__Source data__.
lemma plu_winner_max:
  assumes "tb \<noteq> []"
  shows plu_winner_in_set: "plu_winner tb P \<in> set tb"
    and plu_score_le_plu_winner: "d \<in> set tb \<Longrightarrow> plu_score P d \<le> plu_score P (plu_winner tb P)"
proof -
  let ?maximal = "\<lambda>c. \<forall>d \<in> set tb. plu_score P d \<le> plu_score P c"
  have "Max (plu_score P ` set tb) \<in> plu_score P ` set tb"
    using assms by (intro Max_in) auto
  then obtain c where "c \<in> set tb" "plu_score P c = Max (plu_score P ` set tb)"
    by auto
  then have "c \<in> set (filter ?maximal tb)"
    by simp
  then have "filter ?maximal tb \<noteq> []"
    by (metis empty_iff list.set(1))
  then have "plu_winner tb P \<in> set (filter ?maximal tb)"
    unfolding plu_winner_def by (rule hd_in_set)
  then show "plu_winner tb P \<in> set tb" "d \<in> set tb \<Longrightarrow> plu_score P d \<le> plu_score P (plu_winner tb P)"
    by auto
qed

lemma plu_winner_eqI:
  assumes "tb \<in> rankings m" "c \<in> {1..m}"
    and "\<And>d. d \<in> {1..m} \<Longrightarrow> d \<noteq> c \<Longrightarrow> plu_score P d < plu_score P c"
  shows "plu_winner tb P = c"
proof (rule ccontr)
  assume "plu_winner tb P \<noteq> c"
  have tb: "set tb = {1..m}" "tb \<noteq> []"
    using assms(1,2) by (auto simp: rankings_iff)
  then have "plu_winner tb P \<in> {1..m}"
    using plu_winner_in_set by blast
  with assms(3) \<open>plu_winner tb P \<noteq> c\<close> have "plu_score P (plu_winner tb P) < plu_score P c"
    by blast
  moreover have "plu_score P c \<le> plu_score P (plu_winner tb P)"
    using plu_score_le_plu_winner tb assms(2) by blast
  ultimately show False
    by simp
qed

lemma plu_score_conv_card: "plu_score P c = card {v. v < length P \<and> hd (P ! v) = c}"
  unfolding plu_score_def by (rule length_filter_conv_card)

text \<open>Voters ranking 1 first never join a coalition, so 1 keeps its score, while the new
  winner can only collect the votes of the voters preferring it to 1.\<close>

lemma not_coal_manip_plu:
  assumes "1 \<le> m" "tb \<in> rankings m" "P \<in> profiles m n"
    and leads: "\<And>c. c \<in> {2..m} \<Longrightarrow> plu_score P c < plu_score P 1"
    and few_prefer: "\<And>c. c \<in> {2..m} \<Longrightarrow> length (filter (\<lambda>r. prefers r c 1) P) < plu_score P 1"
  shows "\<not> coal_manip (plu_winner tb) m P"
proof
  have winner_P: "plu_winner tb P = 1"
    using assms(1) leads by (intro plu_winner_eqI[OF assms(2)]) auto
  assume "coal_manip (plu_winner tb) m P"
  then obtain Q where Q: "Q \<in> profiles m (length P)" "plu_winner tb Q \<noteq> 1"
    and deviators: "\<And>v. v < length P \<Longrightarrow> Q ! v \<noteq> P ! v \<Longrightarrow> prefers (P ! v) (plu_winner tb Q) 1"
    unfolding coal_manip_def winner_P by blast
  define c where "c = plu_winner tb Q"
  have tb: "set tb = {1..m}" "tb \<noteq> []"
    using assms(1,2) by (auto simp: rankings_iff)
  then have c: "c \<in> {2..m}"
    using plu_winner_in_set[of tb Q] Q(2) unfolding c_def by fastforce
  have len_Q: "length Q = length P"
    using Q(1) by (simp add: profiles_def)
  have P_rankings: "P ! v \<in> rankings m" if "v < length P" for v
    using assms(3) that by (auto simp: profiles_def)
  have "plu_score Q c \<le> length (filter (\<lambda>r. prefers r c 1) P)"
    unfolding plu_score_conv_card length_filter_conv_card
  proof (rule card_mono)
    show "{v. v < length Q \<and> hd (Q ! v) = c} \<subseteq> {v. v < length P \<and> prefers (P ! v) c 1}"
    proof (intro subsetI, elim CollectE conjE, intro CollectI conjI)
      fix v assume v: "v < length Q" "hd (Q ! v) = c"
      then show "v < length P"
        using len_Q by simp
      show "prefers (P ! v) c 1"
      proof (cases "Q ! v = P ! v")
        case True
        then show ?thesis
          using v c len_Q P_rankings[of v] assms(1) by (auto intro: prefers_hd simp: rankings_iff)
      qed (use v len_Q deviators c_def in auto)
    qed
  qed simp
  moreover have "plu_score P 1 \<le> plu_score Q 1"
    unfolding plu_score_conv_card
  proof (rule card_mono)
    show "{v. v < length P \<and> hd (P ! v) = 1} \<subseteq> {v. v < length Q \<and> hd (Q ! v) = 1}"
    proof (intro subsetI, elim CollectE conjE, intro CollectI conjI)
      fix v assume v: "v < length P" "hd (P ! v) = 1"
      then have "Q ! v = P ! v"
        using deviators[of v] not_prefers_hd[of "P ! v"] P_rankings[of v] by (auto simp: rankings_iff)
      with v len_Q show "v < length Q" "hd (Q ! v) = 1"
        by simp_all
    qed
  qed simp
  moreover have "plu_score Q 1 \<le> plu_score Q c"
    using plu_score_le_plu_winner[OF tb(2)] tb(1) assms(1) unfolding c_def by simp
  ultimately show False
    using few_prefer[OF c] by linarith
qed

__What you need to do__.
Word for word, restate all of the records.

__Completed task__.
lemma plu_winner_max:
  assumes "tb \<noteq> []"
  shows plu_winner_in_set: "plu_winner tb P \<in> set tb"
    and plu_score_le_plu_winner: "d \<in> set tb \<Longrightarrow> plu_score P d \<le> plu_score P (plu_winner tb P)"
proof -
  let ?maximal = "\<lambda>c. \<forall>d \<in> set tb. plu_score P d \<le> plu_score P c"
  have "Max (plu_score P ` set tb) \<in> plu_score P ` set tb"
    using assms by (intro Max_in) auto
  then obtain c where "c \<in> set tb" "plu_score P c = Max (plu_score P ` set tb)"
    by auto
  then have "c \<in> set (filter ?maximal tb)"
    by simp
  then have "filter ?maximal tb \<noteq> []"
    by (metis empty_iff list.set(1))
  then have "plu_winner tb P \<in> set (filter ?maximal tb)"
    unfolding plu_winner_def by (rule hd_in_set)
  then show "plu_winner tb P \<in> set tb" "d \<in> set tb \<Longrightarrow> plu_score P d \<le> plu_score P (plu_winner tb P)"
    by auto
qed

lemma plu_winner_eqI:
  assumes "tb \<in> rankings m" "c \<in> {1..m}"
    and "\<And>d. d \<in> {1..m} \<Longrightarrow> d \<noteq> c \<Longrightarrow> plu_score P d < plu_score P c"
  shows "plu_winner tb P = c"
proof (rule ccontr)
  assume "plu_winner tb P \<noteq> c"
  have tb: "set tb = {1..m}" "tb \<noteq> []"
    using assms(1,2) by (auto simp: rankings_iff)
  then have "plu_winner tb P \<in> {1..m}"
    using plu_winner_in_set by blast
  with assms(3) \<open>plu_winner tb P \<noteq> c\<close> have "plu_score P (plu_winner tb P) < plu_score P c"
    by blast
  moreover have "plu_score P c \<le> plu_score P (plu_winner tb P)"
    using plu_score_le_plu_winner tb assms(2) by blast
  ultimately show False
    by simp
qed

lemma plu_score_conv_card: "plu_score P c = card {v. v < length P \<and> hd (P ! v) = c}"
  unfolding plu_score_def by (rule length_filter_conv_card)

text \<open>Voters ranking 1 first never join a coalition, so 1 keeps its score, while the new
  winner can only collect the votes of the voters preferring it to 1.\<close>

lemma not_coal_manip_plu:
  assumes "1 \<le> m" "tb \<in> rankings m" "P \<in> profiles m n"
    and leads: "\<And>c. c \<in> {2..m} \<Longrightarrow> plu_score P c < plu_score P 1"
    and few_prefer: "\<And>c. c \<in> {2..m} \<Longrightarrow> length (filter (\<lambda>r. prefers r c 1) P) < plu_score P 1"
  shows "\<not> coal_manip (plu_winner tb) m P"
proof
  have winner_P: "plu_winner tb P = 1"
    using assms(1) leads by (intro plu_winner_eqI[OF assms(2)]) auto
  assume "coal_manip (plu_winner tb) m P"
  then obtain Q where Q: "Q \<in> profiles m (length P)" "plu_winner tb Q \<noteq> 1"
    and deviators: "\<And>v. v < length P \<Longrightarrow> Q ! v \<noteq> P ! v \<Longrightarrow> prefers (P ! v) (plu_winner tb Q) 1"
    unfolding coal_manip_def winner_P by blast
  define c where "c = plu_winner tb Q"
  have tb: "set tb = {1..m}" "tb \<noteq> []"
    using assms(1,2) by (auto simp: rankings_iff)
  then have c: "c \<in> {2..m}"
    using plu_winner_in_set[of tb Q] Q(2) unfolding c_def by fastforce
  have len_Q: "length Q = length P"
    using Q(1) by (simp add: profiles_def)
  have P_rankings: "P ! v \<in> rankings m" if "v < length P" for v
    using assms(3) that by (auto simp: profiles_def)
  have "plu_score Q c \<le> length (filter (\<lambda>r. prefers r c 1) P)"
    unfolding plu_score_conv_card length_filter_conv_card
  proof (rule card_mono)
    show "{v. v < length Q \<and> hd (Q ! v) = c} \<subseteq> {v. v < length P \<and> prefers (P ! v) c 1}"
    proof (intro subsetI, elim CollectE conjE, intro CollectI conjI)
      fix v assume v: "v < length Q" "hd (Q ! v) = c"
      then show "v < length P"
        using len_Q by simp
      show "prefers (P ! v) c 1"
      proof (cases "Q ! v = P ! v")
        case True
        then show ?thesis
          using v c len_Q P_rankings[of v] assms(1) by (auto intro: prefers_hd simp: rankings_iff)
      qed (use v len_Q deviators c_def in auto)
    qed
  qed simp
  moreover have "plu_score P 1 \<le> plu_score Q 1"
    unfolding plu_score_conv_card
  proof (rule card_mono)
    show "{v. v < length P \<and> hd (P ! v) = 1} \<subseteq> {v. v < length Q \<and> hd (Q ! v) = 1}"
    proof (intro subsetI, elim CollectE conjE, intro CollectI conjI)
      fix v assume v: "v < length P" "hd (P ! v) = 1"
      then have "Q ! v = P ! v"
        using deviators[of v] not_prefers_hd[of "P ! v"] P_rankings[of v] by (auto simp: rankings_iff)
      with v len_Q show "v < length Q" "hd (Q ! v) = 1"
        by simp_all
    qed
  qed simp
  moreover have "plu_score Q 1 \<le> plu_score Q c"
    using plu_score_le_plu_winner[OF tb(2)] tb(1) assms(1) unfolding c_def by simp
  ultimately show False
    using few_prefer[OF c] by linarith
qed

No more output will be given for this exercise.